* [What you are asked to do] Work through the entries below and show every line in which "True" is found.

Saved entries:
- - - - -

section \<open>Limits in the Halfin-Whitt regime\<close>

lemma ln_one_plus_le: fixes u :: real assumes "u \<ge> 0" shows "ln (1 + u) \<le> u - u\<^sup>2 / (2 * (1 + u))"
proof -
  let ?g = "\<lambda>u::real. u - u\<^sup>2 / (2 * (1 + u)) - ln (1 + u)"
  have "?g 0 \<le> ?g u"
  proof (rule DERIV_nonneg_imp_nondecreasing[OF assms])
    fix x :: real assume x: "0 \<le> x" "x \<le> u"
    have d: "(2 + 2 * x) * (2 + 2 * x) = 4 * (1 + x)\<^sup>2" by (simp add: power2_eq_square algebra_simps)
    have e: "1 - (2 * x * (2 + 2 * x) - x\<^sup>2 * 2) / ((2 + 2 * x) * (2 + 2 * x)) - 1 / (1 + x)
        = x\<^sup>2 / (2 * (1 + x)\<^sup>2)"
      using x unfolding d by (simp add: divide_simps) (simp add: algebra_simps power2_eq_square)
    have "DERIV ?g x :> x\<^sup>2 / (2 * (1 + x)\<^sup>2)"
      using x by (auto intro!: derivative_eq_intros simp: e)
    thus "\<exists>y. DERIV ?g x :> y \<and> y \<ge> 0" by (intro exI[of _ "x\<^sup>2 / (2 * (1 + x)\<^sup>2)"]) simp
  qed
  thus ?thesis by simp
qed

text \<open>After the substitution \<open>t = s / sqrt l\<close>, \<open>l * erlang_integral (l + b * sqrt l) l\<close>
  becomes the integral of the following integrand, which tends to that of \<open>hw_denom b\<close>.\<close>
lemma hw_integrand_tendsto:
  fixes x b :: real assumes "x \<ge> 0"
  shows "((\<lambda>l. x * exp (- sqrt l * x) * (1 + x / sqrt l) powr (l + b * sqrt l - 1))
           \<longlongrightarrow> x * exp (b * x - x\<^sup>2 / 2)) at_top"
proof -
  have "((\<lambda>l. - sqrt l * x + (l + b * sqrt l - 1) * ln (1 + x / sqrt l)) \<longlongrightarrow> b * x - x * x / 2) at_top"
    by real_asymp
  hence "((\<lambda>l. x * exp (- sqrt l * x + (l + b * sqrt l - 1) * ln (1 + x / sqrt l)))
           \<longlongrightarrow> x * exp (b * x - x\<^sup>2 / 2)) at_top"
    by (intro tendsto_mult tendsto_const tendsto_exp) (simp add: power2_eq_square)
  thus ?thesis
  proof (rule tendsto_cong[THEN iffD1, rotated])
    show "\<forall>\<^sub>F l in at_top. x * exp (- sqrt l * x + (l + b * sqrt l - 1) * ln (1 + x / sqrt l)) =
       x * exp (- sqrt l * x) * (1 + x / sqrt l) powr (l + b * sqrt l - 1)"
      using eventually_gt_at_top[of 0]
    proof eventually_elim
      case (elim l)
      have "1 + x / sqrt l > 0" using elim assms by (simp add: add_pos_nonneg)
      hence "(1 + x / sqrt l) powr (l + b * sqrt l - 1) = exp ((l + b * sqrt l - 1) * ln (1 + x / sqrt l))"
        by (simp add: powr_def)
      thus ?case by (simp only: exp_add mult.assoc)
    qed
  qed
qed

lemma hw_exponent_le:
  fixes b l x :: real assumes b: "b \<ge> 0" and l: "l \<ge> 2" and x: "x \<ge> 0"
  shows "- sqrt l * x + (l + b * sqrt l - 1) * ln (1 + x / sqrt l) \<le> b * x - x\<^sup>2 / (4 * (1 + x / sqrt l))"
proof -
  define r where "r = sqrt l"
  have r0: "r > 0" and rr: "r * r = l" using l by (simp_all add: r_def)
  define u where "u = x / r"
  have u0: "u \<ge> 0" using x r0 by (simp add: u_def)
  define e where "e = l + b * r - 1"
  have e1: "e \<ge> l / 2" using l mult_nonneg_nonneg[OF b less_imp_le[OF r0]] by (simp add: e_def)
  have A1: "e * ln (1 + u) \<le> e * (u - u\<^sup>2 / (2 * (1 + u)))"
    using ln_one_plus_le[OF u0] e1 l by (intro mult_left_mono) auto
  have A2: "e * u \<le> r * x + b * x"
  proof -
    have "e * u = (r * r + b * r - 1) * x / r" unfolding e_def u_def rr by simp
    also have "\<dots> = r * x + b * x - x / r" using r0 by (simp add: field_simps)
    finally show ?thesis using x r0 by simp
  qed
  have A3: "e * (u\<^sup>2 / (2 * (1 + u))) \<ge> (l / 2) * (u\<^sup>2 / (2 * (1 + u)))"
    using e1 u0 by (intro mult_right_mono) auto
  have A4: "(l / 2) * (u\<^sup>2 / (2 * (1 + u))) = x\<^sup>2 / (4 * (1 + u))"
  proof -
    have "r * 4 + x * 4 > 0" "r * (r * 4) + r * (x * 4) > 0" using r0 x by (simp_all add: add_pos_nonneg)
    thus ?thesis unfolding u_def using r0 by (simp add: rr[symmetric] power2_eq_square field_simps)
  qed
  have "- r * x + e * ln (1 + u) \<le> b * x - x\<^sup>2 / (4 * (1 + u))"
    using A1 A2 A3 A4 unfolding right_diff_distrib by linarith
  thus ?thesis by (simp only: r_def u_def e_def)
qed

text \<open>The integrable majorant for dominated convergence: by the previous lemma the exponent is
  quadratic in \<open>x\<close> for \<open>x \<le> sqrt l\<close> and at most \<open>- x\<close> beyond.\<close>
lemma hw_integrand_bound:
  fixes b l x :: real
  assumes b: "b \<ge> 0" and l: "l \<ge> 2" and lb: "sqrt l \<ge> 8 * (b + 1)" and x: "x \<ge> 0"
  shows "x * exp (- sqrt l * x) * (1 + x / sqrt l) powr (l + b * sqrt l - 1)
         \<le> exp (2 * (b + 2)\<^sup>2) * exp (- x) + x * exp (- x)"
proof -
  define u where "u = x / sqrt l"
  have u0: "u \<ge> 0" unfolding u_def using x l by (intro divide_nonneg_nonneg) auto
  define E where "E = - sqrt l * x + (l + b * sqrt l - 1) * ln (1 + u)"
  have Eb: "E \<le> b * x - x\<^sup>2 / (4 * (1 + u))"
    using hw_exponent_le[OF b l x] by (simp only: E_def u_def)
  have "x * exp E \<le> exp (2 * (b + 2)\<^sup>2) * exp (- x) + x * exp (- x)"
  proof (cases "u \<le> 1")
    case True
    have "x\<^sup>2 / 8 \<le> x\<^sup>2 / (4 * (1 + u))" using True u0 by (intro divide_left_mono) auto
    hence "E \<le> b * x - x\<^sup>2 / 8" using Eb by linarith
    hence "x * exp E \<le> x * exp (b * x - x\<^sup>2 / 8)" using x by (intro mult_left_mono) auto
    also have "\<dots> \<le> exp x * exp (b * x - x\<^sup>2 / 8)"
      using exp_ge_add_one_self[of x] by (intro mult_right_mono) (linarith, simp)
    also have "\<dots> = exp ((b + 2) * x - x\<^sup>2 / 8) * exp (- x)"
      by (simp add: exp_add[symmetric] algebra_simps)
    also have "\<dots> \<le> exp (2 * (b + 2)\<^sup>2) * exp (- x)"
    proof -
      have "0 \<le> (x - 4 * (b + 2))\<^sup>2 / 8" by simp
      hence "(b + 2) * x - x\<^sup>2 / 8 \<le> 2 * (b + 2)\<^sup>2" by (simp add: power2_eq_square field_simps)
      thus ?thesis by simp
    qed
    finally show ?thesis using x by (simp add: add_increasing2)
  next
    case False
    have r0: "sqrt l > 0" using l by simp
    have "x\<^sup>2 / (4 * (2 * u)) \<le> x\<^sup>2 / (4 * (1 + u))" using u0 False by (intro divide_left_mono) auto
    moreover have "x\<^sup>2 / (4 * (2 * u)) = x * sqrt l / 8"
      using False r0 unfolding u_def by (auto simp: power2_eq_square field_simps)
    moreover have "x * (8 * (b + 1)) \<le> x * sqrt l" using lb x by (intro mult_left_mono) auto
    ultimately have "E \<le> - x" using Eb by (simp add: algebra_simps)
    hence "x * exp E \<le> x * exp (- x)" using x by (intro mult_left_mono) auto
    thus ?thesis by (simp add: add_increasing)
  qed
  moreover have "(1 + u) powr (l + b * sqrt l - 1) = exp ((l + b * sqrt l - 1) * ln (1 + u))"
    using u0 by (simp add: powr_def)
  hence "x * exp (- sqrt l * x) * (1 + u) powr (l + b * sqrt l - 1) = x * exp E"
    unfolding E_def by (simp only: exp_add mult.assoc)
  ultimately show ?thesis by (simp only: u_def)
qed
(* Put v_i at position 2i and w_i at position 2i+1. In a loose path with pendant vertices the
   distance depends only on the two positions, and for two vertices of a common edge the
   difference of their rows of the distance matrix is a step function of the position. So the
   eigenequation expresses x_u - x_z by prefix sums of x. Folding T at its middle, the
   differences f i = x(v_i) - x(v_(l+1-i)), h i = x(w_(l-i)) - x(w_i) and the difference F i of
   the masses of the two ends satisfy
     rho (f i - f (i+1)) = 2 F i + h i,   F (i+1) = F i - f (i+1) + h i,
     (rho + 1) h i = F i - rho f i  for i <= a,
   while h i >= 0 for a < i <= l/2 and h (a+1) > 0, since w_(l-a-1) exists and w_(a+1) does not.
   If f 1 <= 0, these force f to decrease strictly to f (l/2) < 0 with F (l/2) > 0, which
   contradicts the sign relation at the middle. Hence f 1 > 0, and then f i > 0 > h i for
   i <= a and f (a+1) > 0. Finally f (l/2) <= 0 would propagate down to f (a+1) <= 0. *)

section \<open>Distances in a loose path with pendant vertices\<close>

lemma loose_path_rev:
  assumes "loose_path E vs es"
  shows "loose_path E (rev vs) (rev es)"
proof -
  have L: "length vs = Suc (length es)"
    and M: "\<forall>i < length es. vs ! i \<in> es ! i \<and> vs ! Suc i \<in> es ! i"
    and J: "\<forall>i j. i < length es \<and> j < length es \<and> Suc i < j \<longrightarrow> es ! i \<inter> es ! j = {}"
    using assms unfolding loose_path_def by auto
  have "rev vs ! i \<in> rev es ! i \<and> rev vs ! Suc i \<in> rev es ! i" if "i < length es" for i
    using that L M[rule_format, of "length es - Suc i"] by (simp add: rev_nth Suc_diff_Suc)
  moreover have "rev es ! i \<inter> rev es ! j = {}"
    if "i < length es" "j < length es" "Suc i < j" for i j
  proof -
    have "es ! (length es - Suc j) \<inter> es ! (length es - Suc i) = {}"
      using that by (intro J[rule_format]) linarith
    then show ?thesis
      using that by (simp add: rev_nth Int_commute)
  qed
  ultimately show ?thesis
    using assms unfolding loose_path_def by auto
qed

- - - - -

* [Output of the exercise]
    case True
    have "x\<^sup>2 / 8 \<le> x\<^sup>2 / (4 * (1 + u))" using True u0 by (intro divide_left_mono) auto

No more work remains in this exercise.